* [Work task]
The reply must contain all of the records, unchanged.

* [Supplied material]
text \<open>Left Hilbert A-module structure on the whole type 'h (the module H is UNIV).\<close>
definition hilbert_module :: "(complex \<Rightarrow> 'a::{real_normed_algebra_1,banach} \<Rightarrow> 'a) \<Rightarrow> ('a \<Rightarrow> 'a)
    \<Rightarrow> ('a \<Rightarrow> 'h::ab_group_add \<Rightarrow> 'h) \<Rightarrow> ('h \<Rightarrow> 'h \<Rightarrow> 'a) \<Rightarrow> bool" where
  "hilbert_module sc star act ip \<longleftrightarrow>
     (\<forall>a b x. act (a + b) x = act a x + act b x) \<and>
     (\<forall>a x y. act a (x + y) = act a x + act a y) \<and>
     (\<forall>a b x. act (a * b) x = act a (act b x)) \<and>
     (\<forall>x. act 1 x = x) \<and>
     (\<forall>x y z. ip (x + y) z = ip x z + ip y z) \<and>
     (\<forall>a x y. ip (act a x) y = a * ip x y) \<and>
     (\<forall>x y. ip x y = star (ip y x)) \<and>
     (\<forall>x. cpos sc star (ip x x)) \<and>
     (\<forall>x. ip x x = 0 \<longrightarrow> x = 0) \<and>
     (\<forall>f::nat \<Rightarrow> 'h. (\<forall>e>0. \<exists>N. \<forall>m\<ge>N. \<forall>n\<ge>N. hnorm ip (f m - f n) < e)
        \<longrightarrow> (\<exists>x. (\<lambda>n. hnorm ip (f n - x)) \<longlonglongrightarrow> 0))"

definition alin_span :: "('a \<Rightarrow> 'h::ab_group_add \<Rightarrow> 'h) \<Rightarrow> ('i \<Rightarrow> 'h) \<Rightarrow> 'i set \<Rightarrow> 'h set" where
  "alin_span act xs J = {(\<Sum>j\<in>F. act (c j) (xs j)) | F c. finite F \<and> F \<subseteq> J}"

definition finitely_generated :: "('a \<Rightarrow> 'h::ab_group_add \<Rightarrow> 'h) \<Rightarrow> bool" where
  "finitely_generated act \<longleftrightarrow> (\<exists>G. finite G \<and> alin_span act id G = UNIV)"

definition countably_generated :: "('a \<Rightarrow> 'h::ab_group_add \<Rightarrow> 'h) \<Rightarrow> ('h \<Rightarrow> 'h \<Rightarrow> 'a::real_normed_algebra_1) \<Rightarrow> bool" where
  "countably_generated act ip \<longleftrightarrow> (\<exists>G. countable G \<and> hclosure ip (alin_span act id G) = UNIV)"

definition standard_frame :: "(complex \<Rightarrow> 'a::{real_normed_algebra_1,banach} \<Rightarrow> 'a) \<Rightarrow> ('a \<Rightarrow> 'a)
    \<Rightarrow> ('h \<Rightarrow> 'h \<Rightarrow> 'a) \<Rightarrow> (nat \<Rightarrow> 'h) \<Rightarrow> nat set \<Rightarrow> bool" where
  "standard_frame sc star ip xs J \<longleftrightarrow>
     (\<exists>C D::real. C > 0 \<and> D > 0 \<and>
       (\<forall>x. \<exists>s. ((\<lambda>j. ip x (xs j) * ip (xs j) x) has_sum s) J \<and>
              cle sc star (scaleR C (ip x x)) s \<and> cle sc star s (scaleR D (ip x x))))"

definition normalized_tight_standard_frame :: "('h \<Rightarrow> 'h \<Rightarrow> 'a::{real_normed_algebra_1,banach}) \<Rightarrow> (nat \<Rightarrow> 'h) \<Rightarrow> nat set \<Rightarrow> bool" where
  "normalized_tight_standard_frame ip xs J \<longleftrightarrow>
     (\<forall>x. ((\<lambda>j. ip x (xs j) * ip (xs j) x) has_sum ip x x) J)"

* [Exercise answer]
text \<open>Left Hilbert A-module structure on the whole type 'h (the module H is UNIV).\<close>
definition hilbert_module :: "(complex \<Rightarrow> 'a::{real_normed_algebra_1,banach} \<Rightarrow> 'a) \<Rightarrow> ('a \<Rightarrow> 'a)
    \<Rightarrow> ('a \<Rightarrow> 'h::ab_group_add \<Rightarrow> 'h) \<Rightarrow> ('h \<Rightarrow> 'h \<Rightarrow> 'a) \<Rightarrow> bool" where
  "hilbert_module sc star act ip \<longleftrightarrow>
     (\<forall>a b x. act (a + b) x = act a x + act b x) \<and>
     (\<forall>a x y. act a (x + y) = act a x + act a y) \<and>
     (\<forall>a b x. act (a * b) x = act a (act b x)) \<and>
     (\<forall>x. act 1 x = x) \<and>
     (\<forall>x y z. ip (x + y) z = ip x z + ip y z) \<and>
     (\<forall>a x y. ip (act a x) y = a * ip x y) \<and>
     (\<forall>x y. ip x y = star (ip y x)) \<and>
     (\<forall>x. cpos sc star (ip x x)) \<and>
     (\<forall>x. ip x x = 0 \<longrightarrow> x = 0) \<and>
     (\<forall>f::nat \<Rightarrow> 'h. (\<forall>e>0. \<exists>N. \<forall>m\<ge>N. \<forall>n\<ge>N. hnorm ip (f m - f n) < e)
        \<longrightarrow> (\<exists>x. (\<lambda>n. hnorm ip (f n - x)) \<longlonglongrightarrow> 0))"

definition alin_span :: "('a \<Rightarrow> 'h::ab_group_add \<Rightarrow> 'h) \<Rightarrow> ('i \<Rightarrow> 'h) \<Rightarrow> 'i set \<Rightarrow> 'h set" where
  "alin_span act xs J = {(\<Sum>j\<in>F. act (c j) (xs j)) | F c. finite F \<and> F \<subseteq> J}"

definition finitely_generated :: "('a \<Rightarrow> 'h::ab_group_add \<Rightarrow> 'h) \<Rightarrow> bool" where
  "finitely_generated act \<longleftrightarrow> (\<exists>G. finite G \<and> alin_span act id G = UNIV)"

definition countably_generated :: "('a \<Rightarrow> 'h::ab_group_add \<Rightarrow> 'h) \<Rightarrow> ('h \<Rightarrow> 'h \<Rightarrow> 'a::real_normed_algebra_1) \<Rightarrow> bool" where
  "countably_generated act ip \<longleftrightarrow> (\<exists>G. countable G \<and> hclosure ip (alin_span act id G) = UNIV)"

definition standard_frame :: "(complex \<Rightarrow> 'a::{real_normed_algebra_1,banach} \<Rightarrow> 'a) \<Rightarrow> ('a \<Rightarrow> 'a)
    \<Rightarrow> ('h \<Rightarrow> 'h \<Rightarrow> 'a) \<Rightarrow> (nat \<Rightarrow> 'h) \<Rightarrow> nat set \<Rightarrow> bool" where
  "standard_frame sc star ip xs J \<longleftrightarrow>
     (\<exists>C D::real. C > 0 \<and> D > 0 \<and>
       (\<forall>x. \<exists>s. ((\<lambda>j. ip x (xs j) * ip (xs j) x) has_sum s) J \<and>
              cle sc star (scaleR C (ip x x)) s \<and> cle sc star s (scaleR D (ip x x))))"

definition normalized_tight_standard_frame :: "('h \<Rightarrow> 'h \<Rightarrow> 'a::{real_normed_algebra_1,banach}) \<Rightarrow> (nat \<Rightarrow> 'h) \<Rightarrow> nat set \<Rightarrow> bool" where
  "normalized_tight_standard_frame ip xs J \<longleftrightarrow>
     (\<forall>x. ((\<lambda>j. ip x (xs j) * ip (xs j) x) has_sum ip x x) J)"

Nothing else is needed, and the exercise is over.